### ABOUT THIS EXERCISE
Search the entries for the word "definition" and copy each line that has it.
Top of PROVIDED RECORDS
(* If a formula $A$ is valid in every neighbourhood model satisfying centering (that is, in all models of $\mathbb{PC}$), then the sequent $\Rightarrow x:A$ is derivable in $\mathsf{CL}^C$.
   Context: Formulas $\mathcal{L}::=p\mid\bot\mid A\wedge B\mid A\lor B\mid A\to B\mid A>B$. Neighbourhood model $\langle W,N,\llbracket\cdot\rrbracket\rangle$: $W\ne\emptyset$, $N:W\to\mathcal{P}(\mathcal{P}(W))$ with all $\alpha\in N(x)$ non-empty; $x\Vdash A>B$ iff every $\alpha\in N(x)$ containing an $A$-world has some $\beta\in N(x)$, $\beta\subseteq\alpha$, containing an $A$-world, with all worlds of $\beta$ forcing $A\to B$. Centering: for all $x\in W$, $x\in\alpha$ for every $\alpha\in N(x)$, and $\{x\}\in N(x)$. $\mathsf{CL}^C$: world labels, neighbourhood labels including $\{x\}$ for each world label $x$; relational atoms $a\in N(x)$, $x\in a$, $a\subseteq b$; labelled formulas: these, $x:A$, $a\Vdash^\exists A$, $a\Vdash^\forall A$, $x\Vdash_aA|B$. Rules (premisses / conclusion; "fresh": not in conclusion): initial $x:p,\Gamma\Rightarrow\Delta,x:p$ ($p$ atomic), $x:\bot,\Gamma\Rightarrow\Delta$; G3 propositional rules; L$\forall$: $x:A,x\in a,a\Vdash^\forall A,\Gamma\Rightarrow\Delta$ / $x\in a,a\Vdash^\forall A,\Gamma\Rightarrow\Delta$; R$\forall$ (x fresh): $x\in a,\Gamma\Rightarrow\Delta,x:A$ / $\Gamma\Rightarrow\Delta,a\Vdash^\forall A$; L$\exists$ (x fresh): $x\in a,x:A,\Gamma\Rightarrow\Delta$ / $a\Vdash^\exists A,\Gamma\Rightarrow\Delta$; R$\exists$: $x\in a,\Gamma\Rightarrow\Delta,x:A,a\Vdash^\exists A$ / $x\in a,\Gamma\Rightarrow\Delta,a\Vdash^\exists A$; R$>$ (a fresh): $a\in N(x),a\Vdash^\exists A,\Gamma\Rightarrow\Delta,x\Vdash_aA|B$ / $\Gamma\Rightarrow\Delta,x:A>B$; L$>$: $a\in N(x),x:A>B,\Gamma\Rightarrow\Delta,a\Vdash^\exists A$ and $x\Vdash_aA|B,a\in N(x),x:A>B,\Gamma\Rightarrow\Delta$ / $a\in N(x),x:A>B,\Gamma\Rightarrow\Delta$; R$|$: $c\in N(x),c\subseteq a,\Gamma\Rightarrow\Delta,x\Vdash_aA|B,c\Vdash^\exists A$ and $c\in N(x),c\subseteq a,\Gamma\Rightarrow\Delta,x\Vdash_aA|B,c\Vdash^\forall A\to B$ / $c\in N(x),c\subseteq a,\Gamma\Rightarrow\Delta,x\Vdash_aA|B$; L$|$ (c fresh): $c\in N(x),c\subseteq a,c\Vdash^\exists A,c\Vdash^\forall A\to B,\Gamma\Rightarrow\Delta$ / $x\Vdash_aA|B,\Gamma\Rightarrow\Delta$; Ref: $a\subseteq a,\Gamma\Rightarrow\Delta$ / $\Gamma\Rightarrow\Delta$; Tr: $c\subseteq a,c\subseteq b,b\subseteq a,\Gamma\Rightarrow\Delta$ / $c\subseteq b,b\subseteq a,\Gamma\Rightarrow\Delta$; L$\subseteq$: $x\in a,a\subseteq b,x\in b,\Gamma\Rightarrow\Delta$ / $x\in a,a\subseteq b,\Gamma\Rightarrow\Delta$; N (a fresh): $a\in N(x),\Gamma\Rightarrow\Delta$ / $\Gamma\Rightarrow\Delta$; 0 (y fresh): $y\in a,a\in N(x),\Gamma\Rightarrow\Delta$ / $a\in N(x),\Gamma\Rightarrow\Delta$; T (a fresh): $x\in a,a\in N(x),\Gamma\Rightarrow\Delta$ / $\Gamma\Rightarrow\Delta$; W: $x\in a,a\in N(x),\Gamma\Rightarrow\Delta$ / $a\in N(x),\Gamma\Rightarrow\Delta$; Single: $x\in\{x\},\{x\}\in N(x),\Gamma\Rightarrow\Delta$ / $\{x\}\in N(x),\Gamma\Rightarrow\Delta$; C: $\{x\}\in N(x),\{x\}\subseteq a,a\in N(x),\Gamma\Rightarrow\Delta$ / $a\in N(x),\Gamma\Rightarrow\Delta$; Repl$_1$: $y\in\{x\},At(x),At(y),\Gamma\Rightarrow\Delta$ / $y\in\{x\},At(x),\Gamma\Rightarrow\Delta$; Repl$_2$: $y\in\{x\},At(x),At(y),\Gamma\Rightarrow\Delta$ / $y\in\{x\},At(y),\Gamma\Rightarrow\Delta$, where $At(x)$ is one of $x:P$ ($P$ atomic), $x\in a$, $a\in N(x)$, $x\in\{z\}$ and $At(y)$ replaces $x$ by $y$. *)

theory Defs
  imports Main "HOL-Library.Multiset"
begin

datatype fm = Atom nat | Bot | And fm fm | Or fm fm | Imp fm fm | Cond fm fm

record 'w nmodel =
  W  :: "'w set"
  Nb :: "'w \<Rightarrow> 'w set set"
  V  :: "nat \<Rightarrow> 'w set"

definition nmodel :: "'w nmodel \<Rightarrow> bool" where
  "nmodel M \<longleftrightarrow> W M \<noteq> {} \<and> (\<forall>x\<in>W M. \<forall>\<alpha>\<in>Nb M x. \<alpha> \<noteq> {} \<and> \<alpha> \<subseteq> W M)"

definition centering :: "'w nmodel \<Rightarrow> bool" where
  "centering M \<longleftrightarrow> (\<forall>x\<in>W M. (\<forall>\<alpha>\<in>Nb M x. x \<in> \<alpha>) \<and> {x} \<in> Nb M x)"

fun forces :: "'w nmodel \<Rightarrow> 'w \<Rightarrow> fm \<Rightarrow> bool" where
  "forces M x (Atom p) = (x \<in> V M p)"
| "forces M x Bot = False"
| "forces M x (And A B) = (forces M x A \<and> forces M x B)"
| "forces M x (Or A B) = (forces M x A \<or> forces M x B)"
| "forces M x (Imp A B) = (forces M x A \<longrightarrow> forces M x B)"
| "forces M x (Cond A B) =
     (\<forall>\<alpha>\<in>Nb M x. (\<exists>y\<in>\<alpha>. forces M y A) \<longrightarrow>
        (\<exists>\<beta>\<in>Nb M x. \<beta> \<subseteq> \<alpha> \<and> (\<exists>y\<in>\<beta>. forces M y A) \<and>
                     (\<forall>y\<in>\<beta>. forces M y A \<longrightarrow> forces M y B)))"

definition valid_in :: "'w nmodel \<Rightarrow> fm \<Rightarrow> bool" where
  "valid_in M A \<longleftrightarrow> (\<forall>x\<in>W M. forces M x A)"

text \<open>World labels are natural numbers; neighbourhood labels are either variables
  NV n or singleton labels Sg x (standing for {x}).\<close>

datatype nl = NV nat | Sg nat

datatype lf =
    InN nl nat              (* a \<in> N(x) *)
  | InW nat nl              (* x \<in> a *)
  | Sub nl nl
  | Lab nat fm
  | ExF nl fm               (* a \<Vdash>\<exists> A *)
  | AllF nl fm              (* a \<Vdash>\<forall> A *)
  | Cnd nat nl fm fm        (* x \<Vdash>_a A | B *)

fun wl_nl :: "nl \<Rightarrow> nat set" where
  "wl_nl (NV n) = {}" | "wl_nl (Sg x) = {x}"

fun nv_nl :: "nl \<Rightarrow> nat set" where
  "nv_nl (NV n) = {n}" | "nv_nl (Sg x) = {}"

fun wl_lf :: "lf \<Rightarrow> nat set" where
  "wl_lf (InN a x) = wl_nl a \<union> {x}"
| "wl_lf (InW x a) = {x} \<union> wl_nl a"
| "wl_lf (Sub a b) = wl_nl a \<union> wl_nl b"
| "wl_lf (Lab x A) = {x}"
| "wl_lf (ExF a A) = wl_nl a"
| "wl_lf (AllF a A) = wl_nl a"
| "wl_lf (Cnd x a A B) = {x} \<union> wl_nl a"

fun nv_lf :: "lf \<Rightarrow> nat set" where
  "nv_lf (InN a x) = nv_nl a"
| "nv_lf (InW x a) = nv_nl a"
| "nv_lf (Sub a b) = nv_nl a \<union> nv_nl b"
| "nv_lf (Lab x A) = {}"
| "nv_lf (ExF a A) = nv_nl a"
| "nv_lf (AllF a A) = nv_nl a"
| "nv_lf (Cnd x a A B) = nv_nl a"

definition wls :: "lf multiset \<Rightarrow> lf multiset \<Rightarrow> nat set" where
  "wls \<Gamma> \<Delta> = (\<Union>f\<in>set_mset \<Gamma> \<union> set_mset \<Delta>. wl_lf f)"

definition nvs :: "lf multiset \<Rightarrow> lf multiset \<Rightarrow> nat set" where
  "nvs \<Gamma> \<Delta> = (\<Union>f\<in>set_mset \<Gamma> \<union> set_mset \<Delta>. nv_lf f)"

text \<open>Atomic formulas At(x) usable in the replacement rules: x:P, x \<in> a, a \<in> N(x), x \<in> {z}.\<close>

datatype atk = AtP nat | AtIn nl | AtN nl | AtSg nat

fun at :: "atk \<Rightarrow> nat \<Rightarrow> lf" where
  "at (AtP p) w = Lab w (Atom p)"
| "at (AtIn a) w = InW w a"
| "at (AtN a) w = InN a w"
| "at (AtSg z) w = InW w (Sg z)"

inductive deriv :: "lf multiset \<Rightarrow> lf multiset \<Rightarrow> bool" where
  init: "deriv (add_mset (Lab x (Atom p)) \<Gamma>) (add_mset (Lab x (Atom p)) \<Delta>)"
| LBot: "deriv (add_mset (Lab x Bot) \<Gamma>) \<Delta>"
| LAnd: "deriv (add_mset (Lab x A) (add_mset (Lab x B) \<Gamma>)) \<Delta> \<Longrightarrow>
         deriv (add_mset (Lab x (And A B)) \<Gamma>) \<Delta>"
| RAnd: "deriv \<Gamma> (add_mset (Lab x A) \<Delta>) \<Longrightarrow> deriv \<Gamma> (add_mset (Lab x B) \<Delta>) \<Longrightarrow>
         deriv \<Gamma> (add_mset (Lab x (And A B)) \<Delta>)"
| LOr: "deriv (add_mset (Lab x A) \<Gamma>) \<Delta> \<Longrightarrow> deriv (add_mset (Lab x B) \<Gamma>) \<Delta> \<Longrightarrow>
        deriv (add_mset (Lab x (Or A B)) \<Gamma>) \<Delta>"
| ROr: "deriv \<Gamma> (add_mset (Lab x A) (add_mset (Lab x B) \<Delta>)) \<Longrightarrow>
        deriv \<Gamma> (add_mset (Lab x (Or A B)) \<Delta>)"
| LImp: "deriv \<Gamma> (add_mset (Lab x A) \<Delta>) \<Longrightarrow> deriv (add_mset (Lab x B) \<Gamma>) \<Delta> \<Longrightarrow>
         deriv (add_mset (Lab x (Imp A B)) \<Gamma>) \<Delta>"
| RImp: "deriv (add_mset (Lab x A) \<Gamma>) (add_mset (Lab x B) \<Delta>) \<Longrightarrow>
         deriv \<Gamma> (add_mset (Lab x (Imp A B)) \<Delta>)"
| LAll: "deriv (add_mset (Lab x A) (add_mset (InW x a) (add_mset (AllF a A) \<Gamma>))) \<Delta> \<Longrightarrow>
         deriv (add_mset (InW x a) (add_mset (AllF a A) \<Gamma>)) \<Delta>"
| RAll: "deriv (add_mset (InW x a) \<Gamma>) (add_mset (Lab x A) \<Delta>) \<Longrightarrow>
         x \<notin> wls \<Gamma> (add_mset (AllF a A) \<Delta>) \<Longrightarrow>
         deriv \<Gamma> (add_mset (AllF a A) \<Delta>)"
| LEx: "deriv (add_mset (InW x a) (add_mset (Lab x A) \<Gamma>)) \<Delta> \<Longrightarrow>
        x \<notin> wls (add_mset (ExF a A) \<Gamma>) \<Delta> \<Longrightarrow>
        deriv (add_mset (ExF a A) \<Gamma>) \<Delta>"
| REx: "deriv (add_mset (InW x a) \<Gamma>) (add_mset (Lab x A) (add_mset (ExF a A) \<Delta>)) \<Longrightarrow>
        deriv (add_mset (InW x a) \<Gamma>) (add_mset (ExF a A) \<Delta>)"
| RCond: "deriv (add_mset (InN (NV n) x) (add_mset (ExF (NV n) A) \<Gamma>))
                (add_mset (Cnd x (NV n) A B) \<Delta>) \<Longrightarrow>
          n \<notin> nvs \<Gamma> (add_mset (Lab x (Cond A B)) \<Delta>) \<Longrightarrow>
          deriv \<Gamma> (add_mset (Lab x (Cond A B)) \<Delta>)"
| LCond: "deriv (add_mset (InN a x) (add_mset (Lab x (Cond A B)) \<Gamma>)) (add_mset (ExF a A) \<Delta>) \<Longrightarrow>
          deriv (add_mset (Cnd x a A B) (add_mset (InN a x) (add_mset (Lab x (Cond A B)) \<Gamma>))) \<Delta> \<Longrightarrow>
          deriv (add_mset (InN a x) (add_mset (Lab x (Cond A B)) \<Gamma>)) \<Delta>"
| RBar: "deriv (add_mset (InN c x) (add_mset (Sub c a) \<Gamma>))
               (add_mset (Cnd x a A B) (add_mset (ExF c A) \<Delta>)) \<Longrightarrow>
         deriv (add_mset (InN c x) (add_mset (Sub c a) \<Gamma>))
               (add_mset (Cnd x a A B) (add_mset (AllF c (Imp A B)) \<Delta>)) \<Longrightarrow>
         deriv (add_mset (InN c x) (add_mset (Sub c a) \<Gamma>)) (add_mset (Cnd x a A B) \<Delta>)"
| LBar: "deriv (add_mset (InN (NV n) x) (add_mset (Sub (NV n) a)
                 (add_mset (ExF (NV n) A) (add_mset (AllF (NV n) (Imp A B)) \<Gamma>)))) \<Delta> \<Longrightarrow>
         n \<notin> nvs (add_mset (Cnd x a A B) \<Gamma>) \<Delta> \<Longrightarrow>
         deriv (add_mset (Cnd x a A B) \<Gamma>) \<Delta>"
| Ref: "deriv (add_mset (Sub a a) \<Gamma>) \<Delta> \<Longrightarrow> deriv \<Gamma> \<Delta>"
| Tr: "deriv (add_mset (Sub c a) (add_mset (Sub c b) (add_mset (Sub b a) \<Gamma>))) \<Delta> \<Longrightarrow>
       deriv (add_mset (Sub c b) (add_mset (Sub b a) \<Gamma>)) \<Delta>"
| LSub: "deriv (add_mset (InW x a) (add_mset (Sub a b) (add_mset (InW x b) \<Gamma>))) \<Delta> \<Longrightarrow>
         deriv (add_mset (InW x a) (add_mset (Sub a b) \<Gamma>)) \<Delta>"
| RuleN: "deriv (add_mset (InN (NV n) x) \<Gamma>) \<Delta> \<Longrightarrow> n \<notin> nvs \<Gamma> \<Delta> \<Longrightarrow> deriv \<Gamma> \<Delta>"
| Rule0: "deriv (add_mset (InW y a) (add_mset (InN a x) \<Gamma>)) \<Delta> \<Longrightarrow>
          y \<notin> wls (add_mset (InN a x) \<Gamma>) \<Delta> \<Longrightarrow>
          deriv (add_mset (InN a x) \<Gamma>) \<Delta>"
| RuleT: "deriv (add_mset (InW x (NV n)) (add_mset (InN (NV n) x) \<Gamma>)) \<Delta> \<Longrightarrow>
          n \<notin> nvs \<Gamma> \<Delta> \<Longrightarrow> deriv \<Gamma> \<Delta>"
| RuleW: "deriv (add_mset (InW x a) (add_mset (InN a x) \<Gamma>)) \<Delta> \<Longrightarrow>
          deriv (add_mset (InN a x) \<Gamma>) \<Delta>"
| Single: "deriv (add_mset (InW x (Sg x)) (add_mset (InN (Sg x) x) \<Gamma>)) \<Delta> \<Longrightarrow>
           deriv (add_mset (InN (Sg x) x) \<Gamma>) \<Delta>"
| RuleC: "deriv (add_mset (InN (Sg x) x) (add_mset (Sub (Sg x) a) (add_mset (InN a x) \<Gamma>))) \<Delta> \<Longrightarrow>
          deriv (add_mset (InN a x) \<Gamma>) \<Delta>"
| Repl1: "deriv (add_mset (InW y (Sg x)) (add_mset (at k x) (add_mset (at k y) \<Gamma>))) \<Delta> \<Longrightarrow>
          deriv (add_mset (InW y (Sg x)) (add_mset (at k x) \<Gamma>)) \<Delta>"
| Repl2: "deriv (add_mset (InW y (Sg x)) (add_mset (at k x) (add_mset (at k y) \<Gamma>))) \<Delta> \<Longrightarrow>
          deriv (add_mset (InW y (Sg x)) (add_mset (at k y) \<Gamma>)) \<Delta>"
Bottom of PROVIDED RECORDS
### TASK OUTPUT
definition nmodel :: "'w nmodel \<Rightarrow> bool" where
definition centering :: "'w nmodel \<Rightarrow> bool" where
definition valid_in :: "'w nmodel \<Rightarrow> fm \<Rightarrow> bool" where
definition wls :: "lf multiset \<Rightarrow> lf multiset \<Rightarrow> nat set" where
definition nvs :: "lf multiset \<Rightarrow> lf multiset \<Rightarrow> nat set" where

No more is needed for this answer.